For each line of the listing below that contains the string "ultimately", copy the line.

______

lemma cyc_eq_sum_circuits:
  assumes qm: "qmatroid \<rho>" and V: "vec.subspace V"
  shows "cyc \<rho> V = sum_spaces {C. q_circuit \<rho> C \<and> C \<subseteq> V}"
proof -
  let ?S = "sum_spaces {C. q_circuit \<rho> C \<and> C \<subseteq> V}"
  have S_subspace: "vec.subspace ?S"
    unfolding sum_spaces_def by simp
  have S_le_V: "?S \<subseteq> V"
    unfolding sum_spaces_def using V by (intro vec.span_minimal) auto
  have circuit_le_S: "C \<subseteq> ?S" if "q_circuit \<rho> C" "C \<subseteq> V" for C
    using that vec.span_superset[of "\<Union>{C. q_circuit \<rho> C \<and> C \<subseteq> V}"]
    unfolding sum_spaces_def by blast
  have S_le_W: "?S \<subseteq> W" if "vec.subspace W" "\<forall>C. q_circuit \<rho> C \<and> C \<subseteq> V \<longrightarrow> C \<subseteq> W" for W
    unfolding sum_spaces_def using that by (intro vec.span_minimal) auto
  show ?thesis
  proof (intro equalityI subsetI)
    fix x assume x: "x \<in> cyc \<rho> V"
    show "x \<in> ?S"
    proof (rule ccontr)
      assume "x \<notin> ?S"
      moreover have "x \<in> V"
        using x unfolding cyc_def by blast
      ultimately obtain W where W: "vec.subspace W" "?S \<subseteq> W" "x \<notin> W" "vec.span (insert x W) = V"
        using hyperplane_separating_point[OF S_subspace V S_le_V] by blast
      have "W \<subseteq> V"
        using W(4) vec.span_superset[of "insert x W"] by blast
      moreover have "vec.span (W \<union> {x}) = V"
        using W(4) by simp
      ultimately have "\<rho> W = \<rho> V"
        using x W(1) unfolding cyc_def by blast
      then have "\<exists>C. q_circuit \<rho> C \<and> C \<subseteq> V \<and> \<not> C \<subseteq> W"
        using rank_span_insert_eq_iff_circuit[OF qm W(1) W(3)] unfolding W(4) by simp
      then show False
        using circuit_le_S W(2) by blast
    qed
  next
    fix x assume x: "x \<in> ?S"
    have "\<rho> W = \<rho> V" if W: "vec.subspace W" "W \<subseteq> V" "vec.span (W \<union> {x}) = V" for W
    proof (cases "x \<in> W")
      case True
      then show ?thesis using W by (simp add: insert_absorb)
    next
      case False
      then have "\<not> ?S \<subseteq> W"
        using x by blast
      then have "\<exists>C. q_circuit \<rho> C \<and> C \<subseteq> V \<and> \<not> C \<subseteq> W"
        using S_le_W[OF W(1)] by blast
      moreover have "vec.span (insert x W) = V"
        using W(3) by simp
      ultimately show ?thesis
        using rank_span_insert_eq_iff_circuit[OF qm W(1) False] by simp
    qed
    then show "x \<in> cyc \<rho> V"
      using x S_le_V unfolding cyc_def by blast
  qed
qed

lemma q_open_subset_sum_circuits:
  assumes "q_open \<rho> U" "U \<subseteq> V"
  shows "U \<subseteq> sum_spaces {C. q_circuit \<rho> C \<and> C \<subseteq> V}"
proof -
  obtain T where T: "\<forall>C\<in>T. q_circuit \<rho> C" "U = sum_spaces T"
    using assms(1) unfolding q_open_def by blast
  have "\<Union>T \<subseteq> \<Union>{C. q_circuit \<rho> C \<and> C \<subseteq> V}"
    using T assms(2) vec.span_superset unfolding sum_spaces_def by blast
  then show ?thesis
    unfolding T(2) sum_spaces_def by (rule vec.span_mono)
qed
lemma expectation_card_mixed_indep:
  assumes "0 \<le> p" "p \<le> 1"
  shows "measure_pmf.expectation (Gnnp n p) (\<lambda>Eg. real (card (mixed_indep n Eg t)))
       = (\<Sum>(A, B)\<in>mixed_pairs n t. (1 - p) ^ (card A * card B))"
proof -
  have card_eq: "real (card (mixed_indep n Eg t))
      = (\<Sum>x\<in>mixed_pairs n t. indicator {Eg. x \<in> mixed_indep n Eg t} Eg)" for Eg
  proof -
    have "mixed_indep n Eg t = mixed_pairs n t \<inter> mixed_indep n Eg t"
      by (auto simp: mixed_indep_def)
    then have "real (card (mixed_indep n Eg t)) = (\<Sum>x\<in>mixed_pairs n t \<inter> mixed_indep n Eg t. 1)"
      by (metis real_of_card)
    also have "\<dots> = (\<Sum>x\<in>mixed_pairs n t. indicator (mixed_indep n Eg t) x)"
      unfolding sum.inter_restrict[OF finite_mixed_pairs] indicator_def of_bool_def ..
    finally show ?thesis
      by (simp add: indicator_def)
  qed
  have "measure_pmf.expectation (Gnnp n p) (\<lambda>Eg. real (card (mixed_indep n Eg t)))
      = (\<Sum>x\<in>mixed_pairs n t. measure_pmf.prob (Gnnp n p) {Eg. x \<in> mixed_indep n Eg t})"
    unfolding card_eq
    by (subst Bochner_Integration.integral_sum)
       (simp_all add: integrable_measure_pmf_finite finite_set_pmf_Gnnp)
  also have "\<dots> = (\<Sum>(A, B)\<in>mixed_pairs n t. (1 - p) ^ (card A * card B))"
  proof (intro sum.cong refl, clarify)
    fix A B assume AB: "(A, B) \<in> mixed_pairs n t"
    then have "{Eg. (A, B) \<in> mixed_indep n Eg t} = {Eg. \<forall>i\<in>A. \<forall>j\<in>B. (i, j) \<notin> Eg}"
      by (auto simp: mixed_indep_def)
    moreover have "A \<subseteq> {..<n}" "B \<subseteq> {..<n}"
      using AB by (auto simp: mixed_pairs_def)
    ultimately show "measure_pmf.prob (Gnnp n p) {Eg. (A, B) \<in> mixed_indep n Eg t} = (1 - p) ^ (card A * card B)"
      using prob_Gnnp_no_edges_between assms by simp
  qed
  finally show ?thesis .
qed
(* Let $E$ be an arbitrary directed graph. For an admissible pair $(H,S)$ of $E$ let $(H,S)^\bot=(H^\bot,S^\bot)$ with $H^\bot=E^0-R(H)$ and $S^\bot=B_{H^\bot}-S$, and write $(H^{\bot\bot},S^{\bot\bot})=((H,S)^\bot)^\bot$, $(H^{\bot\bot\bot},S^{\bot\bot\bot})=(((H,S)^\bot)^\bot)^\bot$. Then the operator $\bot$ is decreasing: $(H,S)\le(G,T)$ implies $(H^\bot,S^\bot)\ge(G^\bot,T^\bot)$ for any admissible pairs $(H,S),(G,T)$. Moreover, for all admissible pairs $(H,S),(G,T)$: (1) $(H,S)\le(H^{\bot\bot},S^{\bot\bot})$; (2) $(H,S)\le(G,T)$ implies $(H^{\bot\bot},S^{\bot\bot})\le(G^{\bot\bot},T^{\bot\bot})$; (3) $(H^{\bot\bot\bot},S^{\bot\bot\bot})=(H^\bot,S^\bot)$.
   Context: Write $u\ge v$ if there is a path (possibly of length 0) from $u$ to $v$; $R(V)=\{u\in E^0\mid u\ge v$ for some $v\in V\}$. $H\subseteq E^0$ is hereditary if $\mathbf{r}(p)\in H$ for every path $p$ with $\mathbf{s}(p)\in H$; saturated if every regular vertex $v$ (emitting a nonzero finite number of edges) with $\mathbf{r}(\mathbf{s}^{-1}(v))\subseteq H$ is in $H$. For hereditary saturated $H$, $B_H=\{v\in E^0-H\mid v$ emits infinitely many edges and $\mathbf{s}^{-1}(v)\cap\mathbf{r}^{-1}(E^0-H)$ is nonempty and finite$\}$. An admissible pair is $(H,S)$ with $H$ hereditary and saturated and $S\subseteq B_H$. Admissible pairs are partially ordered by $(H,S)\le(G,T)$ iff $H\subseteq G$ and $S\subseteq G\cup T$. For $H$ hereditary saturated, $E^0-R(H)$ is hereditary saturated, so $(H^\bot,S^\bot)$ is admissible. *)

theory Defs
  imports Main
begin

record ('v, 'e) dgraph =
  verts :: "'v set"
  edges :: "'e set"
  src   :: "'e \<Rightarrow> 'v"
  rng   :: "'e \<Rightarrow> 'v"

definition wf_dgraph :: "('v, 'e) dgraph \<Rightarrow> bool" where
  "wf_dgraph E \<longleftrightarrow> (\<forall>e \<in> edges E. src E e \<in> verts E \<and> rng E e \<in> verts E)"

fun is_path_from :: "('v, 'e) dgraph \<Rightarrow> 'v \<Rightarrow> 'e list \<Rightarrow> 'v \<Rightarrow> bool" where
  "is_path_from E u [] v \<longleftrightarrow> u \<in> verts E \<and> u = v"
| "is_path_from E u (e # es) v \<longleftrightarrow> e \<in> edges E \<and> src E e = u \<and> is_path_from E (rng E e) es v"

definition geq :: "('v, 'e) dgraph \<Rightarrow> 'v \<Rightarrow> 'v \<Rightarrow> bool" where
  "geq E u v \<longleftrightarrow> (\<exists>p. is_path_from E u p v)"

definition Rset :: "('v, 'e) dgraph \<Rightarrow> 'v set \<Rightarrow> 'v set" where
  "Rset E V = {u \<in> verts E. \<exists>v \<in> V. geq E u v}"

definition hereditary :: "('v, 'e) dgraph \<Rightarrow> 'v set \<Rightarrow> bool" where
  "hereditary E H \<longleftrightarrow> H \<subseteq> verts E \<and> (\<forall>u p v. u \<in> H \<and> is_path_from E u p v \<longrightarrow> v \<in> H)"

definition emits :: "('v, 'e) dgraph \<Rightarrow> 'v \<Rightarrow> 'e set" where
  "emits E v = {e \<in> edges E. src E e = v}"

definition regular :: "('v, 'e) dgraph \<Rightarrow> 'v \<Rightarrow> bool" where
  "regular E v \<longleftrightarrow> v \<in> verts E \<and> emits E v \<noteq> {} \<and> finite (emits E v)"

definition saturated :: "('v, 'e) dgraph \<Rightarrow> 'v set \<Rightarrow> bool" where
  "saturated E H \<longleftrightarrow> (\<forall>v. regular E v \<and> rng E ` emits E v \<subseteq> H \<longrightarrow> v \<in> H)"

definition breaking :: "('v, 'e) dgraph \<Rightarrow> 'v set \<Rightarrow> 'v set" where
  "breaking E H = {v \<in> verts E - H. infinite (emits E v) \<and>
      {e \<in> emits E v. rng E e \<in> verts E - H} \<noteq> {} \<and>
      finite {e \<in> emits E v. rng E e \<in> verts E - H}}"

definition admissible :: "('v, 'e) dgraph \<Rightarrow> 'v set \<times> 'v set \<Rightarrow> bool" where
  "admissible E P \<longleftrightarrow> hereditary E (fst P) \<and> saturated E (fst P) \<and> snd P \<subseteq> breaking E (fst P)"

definition adm_le :: "'v set \<times> 'v set \<Rightarrow> 'v set \<times> 'v set \<Rightarrow> bool" where
  "adm_le P Q \<longleftrightarrow> fst P \<subseteq> fst Q \<and> snd P \<subseteq> fst Q \<union> snd Q"

definition perp :: "('v, 'e) dgraph \<Rightarrow> 'v set \<times> 'v set \<Rightarrow> 'v set \<times> 'v set" where
  "perp E P = (let Hp = verts E - Rset E (fst P) in (Hp, breaking E Hp - snd P))"

end

theory Submission
  imports Defs
begin

text \<open>
  A vertex of a hereditary set \<open>G\<close> sends all its edges into \<open>R(G)\<close>, so it never breaks
  \<open>E\<^sup>0 - R(G)\<close>; and a vertex breaking \<open>E\<^sup>0 - R(G)\<close> that lies in \<open>R(H) - H\<close>, with
  \<open>H \<subseteq> G\<close>, also breaks \<open>E\<^sup>0 - R(H)\<close>, its edges into \<open>R(H)\<close> being a nonempty part of its
  finitely many edges into \<open>R(G)\<close>. This makes \<open>\<bottom>\<close> antitone. For (1): by heredity \<open>H\<close>
  misses \<open>R(H\<^sup>\<bottom>)\<close>, so a breaking vertex of \<open>H\<close> lying in \<open>R(H\<^sup>\<bottom>)\<close> has its edges into
  \<open>R(H\<^sup>\<bottom>)\<close> among its finitely many edges leaving \<open>H\<close>. Then (3) follows formally from (1)
  and antitonicity, as \<open>\<le>\<close> is antisymmetric on pairs \<open>(H, S)\<close> with \<open>S \<inter> H = {}\<close>.
\<close>

lemma is_path_from_end_in_verts: "is_path_from E u p v \<Longrightarrow> v \<in> verts E"
  by (induction p arbitrary: u) auto

lemma is_path_from_append:
  "is_path_from E u p w \<Longrightarrow> is_path_from E w q v \<Longrightarrow> is_path_from E u (p @ q) v"
  by (induction p arbitrary: u) auto

lemma rng_in_verts: "wf_dgraph E \<Longrightarrow> e \<in> edges E \<Longrightarrow> rng E e \<in> verts E"
  unfolding wf_dgraph_def by blast

lemma Rset_subset_verts: "Rset E X \<subseteq> verts E"
  unfolding Rset_def by auto

lemma Rset_mono: "X \<subseteq> Y \<Longrightarrow> Rset E X \<subseteq> Rset E Y"
  unfolding Rset_def by auto

lemma mem_Rset_self: "v \<in> verts E \<Longrightarrow> v \<in> X \<Longrightarrow> v \<in> Rset E X"
  unfolding Rset_def geq_def by (auto intro!: bexI[of _ v] exI[of _ "[]"])

lemma subset_Rset: "X \<subseteq> verts E \<Longrightarrow> X \<subseteq> Rset E X"
  by (auto intro: mem_Rset_self)

lemma src_in_Rset:
  assumes "wf_dgraph E" "e \<in> edges E" "rng E e \<in> Rset E X"
  shows "src E e \<in> Rset E X"
proof -
  obtain x p where "x \<in> X" "is_path_from E (rng E e) p x"
    using assms(3) unfolding Rset_def geq_def by blast
  then have "is_path_from E (src E e) (e # p) x" using assms(2) by simp
  then show ?thesis using \<open>x \<in> X\<close> assms(1,2) unfolding Rset_def geq_def wf_dgraph_def by blast
qed

lemma Rset_diff_emits_into_Rset:
  assumes "wf_dgraph E" "u \<in> Rset E X" "u \<notin> X"
  shows "\<exists>e \<in> emits E u. rng E e \<in> Rset E X"
proof -
  obtain x p where x: "x \<in> X" "is_path_from E u p x"
    using assms(2) unfolding Rset_def geq_def by blast
  with assms(3) obtain e q where "p = e # q" by (cases p) auto
  with x have e: "e \<in> emits E u" "is_path_from E (rng E e) q x" unfolding emits_def by auto
  with assms(1) have "rng E e \<in> verts E" unfolding emits_def by (simp add: rng_in_verts)
  with e x have "rng E e \<in> Rset E X" unfolding Rset_def geq_def by blast
  with e show ?thesis by blast
qed

lemma hereditary_edge:
  assumes "wf_dgraph E" "hereditary E H" "e \<in> edges E" "src E e \<in> H"
  shows "rng E e \<in> H"
proof -
  have "is_path_from E (src E e) [e] (rng E e)" using assms(1,3) by (simp add: rng_in_verts)
  then show ?thesis using assms(2,4) unfolding hereditary_def by blast
qed

lemma hereditary_compl_Rset: "hereditary E (verts E - Rset E X)"
  unfolding hereditary_def
proof (intro conjI allI impI)
  fix u p v assume path: "u \<in> verts E - Rset E X \<and> is_path_from E u p v"
  show "v \<in> verts E - Rset E X"
  proof (rule ccontr)
    assume "v \<notin> verts E - Rset E X"
    with path have "v \<in> Rset E X" by (blast dest: is_path_from_end_in_verts)
    then obtain w q where "w \<in> X" "is_path_from E v q w" unfolding Rset_def geq_def by blast
    with path have "is_path_from E u (p @ q) w" by (blast intro: is_path_from_append)
    with path \<open>w \<in> X\<close> show False unfolding Rset_def geq_def by blast
  qed
qed blast

lemma hereditary_disjoint_Rset_perp:
  assumes "hereditary E H"
  shows "H \<inter> Rset E (verts E - Rset E H) = {}"
proof (rule ccontr)
  assume "H \<inter> Rset E (verts E - Rset E H) \<noteq> {}"
  then obtain u w p where "u \<in> H" "w \<in> verts E - Rset E H" "is_path_from E u p w"
    unfolding Rset_def geq_def by blast
  with assms have "w \<in> H" unfolding hereditary_def by blast
  with assms \<open>w \<in> verts E - Rset E H\<close> show False
    using subset_Rset unfolding hereditary_def by blast
qed

lemma mem_breaking_compl_Rset_iff:
  "v \<in> breaking E (verts E - Rset E X) \<longleftrightarrow>
     v \<in> Rset E X \<and> infinite (emits E v) \<and>
     {e \<in> emits E v. rng E e \<in> Rset E X} \<noteq> {} \<and> finite {e \<in> emits E v. rng E e \<in> Rset E X}"
  unfolding breaking_def Diff_Diff_Int Int_absorb1[OF Rset_subset_verts] by auto

lemma breaking_compl_Rset_disjoint:
  assumes "wf_dgraph E" "hereditary E G"
  shows "G \<inter> breaking E (verts E - Rset E G) = {}"
proof -
  have "v \<notin> breaking E (verts E - Rset E G)" if "v \<in> G" for v
  proof
    assume "v \<in> breaking E (verts E - Rset E G)"
    then have "infinite (emits E v)" "finite {e \<in> emits E v. rng E e \<in> Rset E G}"
      unfolding mem_breaking_compl_Rset_iff by auto
    moreover have "emits E v \<subseteq> {e \<in> emits E v. rng E e \<in> Rset E G}"
      using that assms subset_Rset[of G E] hereditary_edge[OF assms]
      unfolding emits_def hereditary_def by blast
    ultimately show False using finite_subset by blast
  qed
  then show ?thesis by blast
qed

lemma breaking_compl_Rset_antimono:
  assumes "wf_dgraph E" "X \<subseteq> Y" "v \<in> breaking E (verts E - Rset E Y)" "v \<in> Rset E X" "v \<notin> X"
  shows "v \<in> breaking E (verts E - Rset E X)"
proof -
  have "{e \<in> emits E v. rng E e \<in> Rset E X} \<subseteq> {e \<in> emits E v. rng E e \<in> Rset E Y}"
    using Rset_mono[OF assms(2)] by blast
  with assms show ?thesis
    unfolding mem_breaking_compl_Rset_iff
    by (blast dest: finite_subset Rset_diff_emits_into_Rset[OF assms(1)])
qed

lemma breaking_subset_Rset:
  assumes "wf_dgraph E"
  shows "breaking E H \<subseteq> Rset E H"
proof
  fix v assume v: "v \<in> breaking E H"
  then have "infinite (emits E v - {e \<in> emits E v. rng E e \<in> verts E - H})"
    unfolding breaking_def by (auto intro: Diff_infinite_finite)
  then obtain e where e: "e \<in> emits E v" "rng E e \<notin> verts E - H"
    using infinite_imp_nonempty by blast
  then have "rng E e \<in> H" "rng E e \<in> verts E"
    using assms unfolding emits_def by (auto dest: rng_in_verts)
  then have "rng E e \<in> Rset E H" by (simp add: mem_Rset_self)
  with e assms show "v \<in> Rset E H" unfolding emits_def by (auto dest: src_in_Rset)
qed

lemma mem_breaking_perp_perp:
  assumes "wf_dgraph E" "hereditary E H" "v \<in> breaking E H"
    and "v \<in> Rset E (verts E - Rset E H)"
  shows "v \<in> breaking E (verts E - Rset E (verts E - Rset E H))"
proof -
  let ?Hp = "verts E - Rset E H"
  have inf: "infinite (emits E v)" and fin: "finite {e \<in> emits E v. rng E e \<in> verts E - H}"
    using assms(3) unfolding breaking_def by auto
  have "v \<notin> ?Hp" using breaking_subset_Rset[OF assms(1)] assms(3) by blast
  then have "{e \<in> emits E v. rng E e \<in> Rset E ?Hp} \<noteq> {}"
    using Rset_diff_emits_into_Rset[OF assms(1,4)] by blast
  moreover have "{e \<in> emits E v. rng E e \<in> Rset E ?Hp} \<subseteq> {e \<in> emits E v. rng E e \<in> verts E - H}"
    using hereditary_disjoint_Rset_perp[OF assms(2)] Rset_subset_verts[of E ?Hp] by blast
  then have "finite {e \<in> emits E v. rng E e \<in> Rset E ?Hp}" using fin by (rule finite_subset)
  ultimately show ?thesis
    using assms(4) inf unfolding mem_breaking_compl_Rset_iff by blast
qed

lemma perp_eq: "perp E (H, S) = (verts E - Rset E H, breaking E (verts E - Rset E H) - S)"
  unfolding perp_def Let_def by simp

lemma perp_antimono:
  assumes "wf_dgraph E" "hereditary E (fst Q)" "adm_le P Q"
  shows "adm_le (perp E Q) (perp E P)"
proof -
  obtain H S G T where PQ: "P = (H, S)" "Q = (G, T)" by fastforce
  with assms have HG: "H \<subseteq> G" and SGT: "S \<subseteq> G \<union> T" and hG: "hereditary E G"
    unfolding adm_le_def by auto
  have "v \<in> (verts E - Rset E H) \<union> (breaking E (verts E - Rset E H) - S)"
    if v: "v \<in> breaking E (verts E - Rset E G)" "v \<notin> T" for v
  proof (cases "v \<in> Rset E H")
    case True
    have "v \<notin> G" using breaking_compl_Rset_disjoint[OF assms(1) hG] v by blast
    with True v HG SGT show ?thesis using breaking_compl_Rset_antimono[OF assms(1) HG] by blast
  next
    case False
    with v show ?thesis unfolding breaking_def by blast
  qed
  with Rset_mono[OF HG] show ?thesis unfolding PQ adm_le_def perp_eq by auto
qed

lemma le_perp_perp:
  assumes "wf_dgraph E" "hereditary E (fst P)" "snd P \<subseteq> breaking E (fst P)"
  shows "adm_le P (perp E (perp E P))"
proof -
  obtain H S where P: "P = (H, S)" by fastforce
  with assms have hH: "hereditary E H" and SB: "S \<subseteq> breaking E H" by auto
  have "H \<subseteq> verts E - Rset E (verts E - Rset E H)"
    using hereditary_disjoint_Rset_perp[OF hH] hH unfolding hereditary_def by blast
  moreover have "v \<in> breaking E (verts E - Rset E (verts E - Rset E H))"
    if "v \<in> S" "v \<notin> verts E - Rset E (verts E - Rset E H)" for v
    using that SB mem_breaking_perp_perp[OF assms(1) hH]
    unfolding breaking_def by blast
  ultimately show ?thesis unfolding P adm_le_def perp_eq by auto
qed

lemma hereditary_fst_perp: "hereditary E (fst (perp E P))"
  unfolding perp_def Let_def using hereditary_compl_Rset by simp

lemma snd_perp_subset_breaking: "snd (perp E P) \<subseteq> breaking E (fst (perp E P))"
  unfolding perp_def Let_def by auto

lemma snd_perp_disjoint_fst: "snd (perp E P) \<inter> fst (perp E P) = {}"
  using snd_perp_subset_breaking[of E P] unfolding breaking_def by blast

lemma adm_le_antisym:
  assumes "adm_le P Q" "adm_le Q P" "snd P \<inter> fst P = {}" "snd Q \<inter> fst Q = {}"
  shows "P = Q"
  using assms unfolding adm_le_def by (auto simp: prod_eq_iff)

theorem proposition3p7:
  fixes E :: "('v, 'e) dgraph" and H S G T :: "'v set"
  assumes "wf_dgraph E"
    and "admissible E (H, S)" and "admissible E (G, T)"
  shows "(adm_le (H, S) (G, T) \<longrightarrow> adm_le (perp E (G, T)) (perp E (H, S)))
       \<and> adm_le (H, S) (perp E (perp E (H, S)))
       \<and> (adm_le (H, S) (G, T) \<longrightarrow> adm_le (perp E (perp E (H, S))) (perp E (perp E (G, T))))
       \<and> perp E (perp E (perp E (H, S))) = perp E (H, S)"
proof -
  note wf = \<open>wf_dgraph E\<close>
  have antimono: "adm_le (H, S) (G, T) \<longrightarrow> adm_le (perp E (G, T)) (perp E (H, S))"
    using assms(3) perp_antimono[OF wf] unfolding admissible_def by simp
  have extensive: "adm_le (H, S) (perp E (perp E (H, S)))"
    using assms(2) le_perp_perp[OF wf] unfolding admissible_def by simp
  have mono: "adm_le (H, S) (G, T) \<longrightarrow> adm_le (perp E (perp E (H, S))) (perp E (perp E (G, T)))"
    using antimono perp_antimono[OF wf hereditary_fst_perp] by blast
  let ?P = "perp E (H, S)"
  have "perp E (perp E ?P) = ?P"
  proof (rule adm_le_antisym)
    show "adm_le (perp E (perp E ?P)) ?P"
      using perp_antimono[OF wf hereditary_fst_perp extensive] .
    show "adm_le ?P (perp E (perp E ?P))"
      using le_perp_perp[OF wf hereditary_fst_perp snd_perp_subset_breaking] .
  qed (rule snd_perp_disjoint_fst)+
  with antimono extensive mono show ?thesis by blast
qed

end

______

(Result below)
      ultimately obtain W where W: "vec.subspace W" "?S \<subseteq> W" "x \<notin> W" "vec.span (insert x W) = V"
      ultimately have "\<rho> W = \<rho> V"
      ultimately show ?thesis
    ultimately show "measure_pmf.prob (Gnnp n p) {Eg. (A, B) \<in> mixed_indep n Eg t} = (1 - p) ^ (card A * card B)"
    ultimately show False using finite_subset by blast
  ultimately show ?thesis
  ultimately show ?thesis unfolding P adm_le_def perp_eq by auto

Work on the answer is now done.